Our first boat preview was quite an eye opener. We saw a boat for sale on Q dock at the Oceanside Harbor. Only $8,000 the voice in my head was screaming! Now we know why it was ONLY $8,000. In all actuality, it should have been more along the lines of $2,000. Here is the thing, I had only been looking at brokerage yachts. You know the ones drastically marked up so that the salesman can put food on their tables? Gourmet food. Anyway, the beat up ol’ 26′ boat needed so much work, that we would have spent double the cost of her worth just to get her ready for a day sail! Although I love the Q dock for it’s proximity to the beach, shops and restaurant’s, I was not having the lack of upkeep on this neglected boat. Next…
Tick tock, tick tock… Have you ever heard the saying, a watched clock never moves? Welcome to my world.

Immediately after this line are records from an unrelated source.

(* Let $n\ge3$, and let $R$ and $S$ be filtered $\lambda$-ring structures on $\mathbf{Z}[x]/(x^n)$ and $\sigma\colon R\to S$ any filtered $\lambda$-ring isomorphism. Write $\sigma(x)=\sum_{k=1}^{n-1}b_kx^k$, regard this as a polynomial in $\mathbf{Z}[x]/(x^{n+1})$, and let $\sigma^{-1}(x)$ be its compositional inverse in $\mathbf{Z}[x]/(x^{n+1})$. Let $\tilde R$ be a filtered $\lambda$-ring structure on $\mathbf{Z}[x]/(x^{n+1})$ with $\psi^p_{\tilde R}(x)\equiv\psi^p_R(x)\pmod{x^n}$ for all primes $p$, and define for each prime $p$ \[\psi^p_{\tilde S}(x)=\sigma^{-1}\bigl(\psi^p_{\tilde R}(\sigma(x))\bigr)\in\mathbf{Z}[x]/(x^{n+1}).\] Then $\psi^p_{\tilde S}(x)\equiv x^p\pmod p$ for all primes $p\ge n$.
   Context: A (special) $\lambda$-ring is a commutative ring with operations $\lambda^i$ satisfying the Atiyah–Tall axioms; a filtered $\lambda$-ring is a $\lambda$-ring with decreasing filtration by ideals closed under $\lambda^i$, $i\ge1$; morphisms are filtration-preserving $\lambda$-ring maps. $\mathbf{Z}[x]/(x^m)$ is filtered with $x$ in a fixed positive filtration $d$ ($I^k$ generated by the $x^j$ with $jd\ge k$). A filtered $\lambda$-ring structure is determined by the polynomials $\psi^p(x)$ (Adams operations on $x$), $p$ prime; a filtered ring automorphism $\sigma$ is a filtered $\lambda$-ring isomorphism $R\to S$ iff $\psi^p_R(\sigma(x))=\sigma(\psi^p_S(x))$ as polynomials for all primes $p$ (here $f(g(x))$ denotes composition of polynomials). *)

theory Defs
  imports "HOL-Computational_Algebra.Polynomial" "HOL-Computational_Algebra.Primes"
begin

text \<open>Elements of Z[x]/(x^m) are represented by integer polynomials of degree < m.\<close>

definition tcarrier :: "nat \<Rightarrow> int poly set" where
  "tcarrier m = {a. \<forall>i\<ge>m. coeff a i = 0}"

definition trunc :: "nat \<Rightarrow> int poly \<Rightarrow> int poly" where
  "trunc m a = (\<Sum>i<m. monom (coeff a i) i)"

abbreviation X :: "int poly" where "X \<equiv> [:0, 1:]"

text \<open>Filtration with x in filtration d: I^k is generated by the x^j with j*d \<ge> k.\<close>
definition filt :: "nat \<Rightarrow> nat \<Rightarrow> nat \<Rightarrow> int poly set" where
  "filt m d k = {a \<in> tcarrier m. \<forall>j. j * d < k \<longrightarrow> coeff a j = 0}"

My life is a waiting game. Every single day when I wake up, I find myself counting down the days on an internal calendar. The problem is, the calendar I reference on a daily basis does not have that big red X on it that indicates an end date. You know the date that says, “Today is the day!” You made it. Instead, I know I am looking at years of waiting for the day when we can be free of the rat race of life on land. I am at the mercy of my husbands’ dreams. I have to wait until he has the same epiphany I had about a year ago.
My epiphany goes a little something like this…I realized I am so fed up with the mentality of society as a whole. I had to break it down as simple as I could to make it all make sense. Here it goes. First, we as a society have such a horrible case of the “It’s all about me” mentality. Now, I know, that my fancy pants diagnosis is not real, however, it should be! Of course there are exceptions to every rule, but, more often than not, people are watching out for número uno! Second, we make decisions on a daily basis based on fear. The fear of the unknown, can be pretty scary, but, c’mon we have been trained to question everything about everything. We can’t even just eat dinner without being afraid of how they raised the chicken. We certainly can’t get on a plane without fearing God forbid, the plane goes down. As I am writing this post, a passenger next to me is having a conversation with the third person in our row. He stated that he could not and would not put a swimming pool in his back yard. Why? Because he did not want a roaming kid to randomly wander into his gated and locked backyard, possibly fall into the pool and then by chance drown while he was at it. We are afraid of what might happen, but even more so, by lawsuits. He was an attorney and has just seen way too much of an abused system. We have a way of feeling the need to cater to the minority, just to steer clear of a lawsuit that is based on discrimination. We are afraid they might win. F.E.A.R. Is taking over our society and sneaking into everyone’s every move.
Incredulously, I have to make conscious decision’s on a daily basis to prioritize God, my husband, my children and then my extended family and friends. It used to come pretty easy to me. But, I have to admit, the overwhelming amount of information that I have to sift through myself has become tiresome. I call it an information overload. I am working even harder to “gatekeep” everyday things from my four younger children. So many things that have become acceptable in today’s society, that would have blown a parents mind just 10 years ago, is amazing. Not amazing in a good way. It is sad. Parents spend so much time using electronics as babysitters. My eight year old said that ten year olds need phones according to a kid she does theater with. The simple explanation was it helps you with homework (the calculator) and when you get lost (?????) you can call your parents. It was just last year that I heard parents general consensus was no cell phones until the kid was about 13. But this year the age apparently has dropped to ten?!?! I want to get away from all of this. I want my kids to play kick the can and red rover. I don’t want them constantly asking for the iPad. They don’t even get to watch television or go to public school. I want their curriculum to be geographically worldly. I want them to learn by seeing not by reading about it in some tired old textbook, taught via common core.
Every day I encounter another sad story about someone’s rights being taken away.
My husband is moving up so quickly in his profession, that he wants to stick it out until he makes it to the top of his line of work. He is just finishing up his Master’s degree and wants to be able to put his degree to use. He also dreams of making the transition to a cruising family, just not on the fast track, like I do. He is more content with the slow track, that has the retirement attached to it. He is more in tune with the conservative, well thought out path. I, on the other hand, am more of a free spirit. I am ready to get out there and let’s the chips fall as they may. Although I have some sort of plan, I am more of the palm tree. I go with the wind. So, until I have the date set in stone I sit and I wait. And wait. And wait.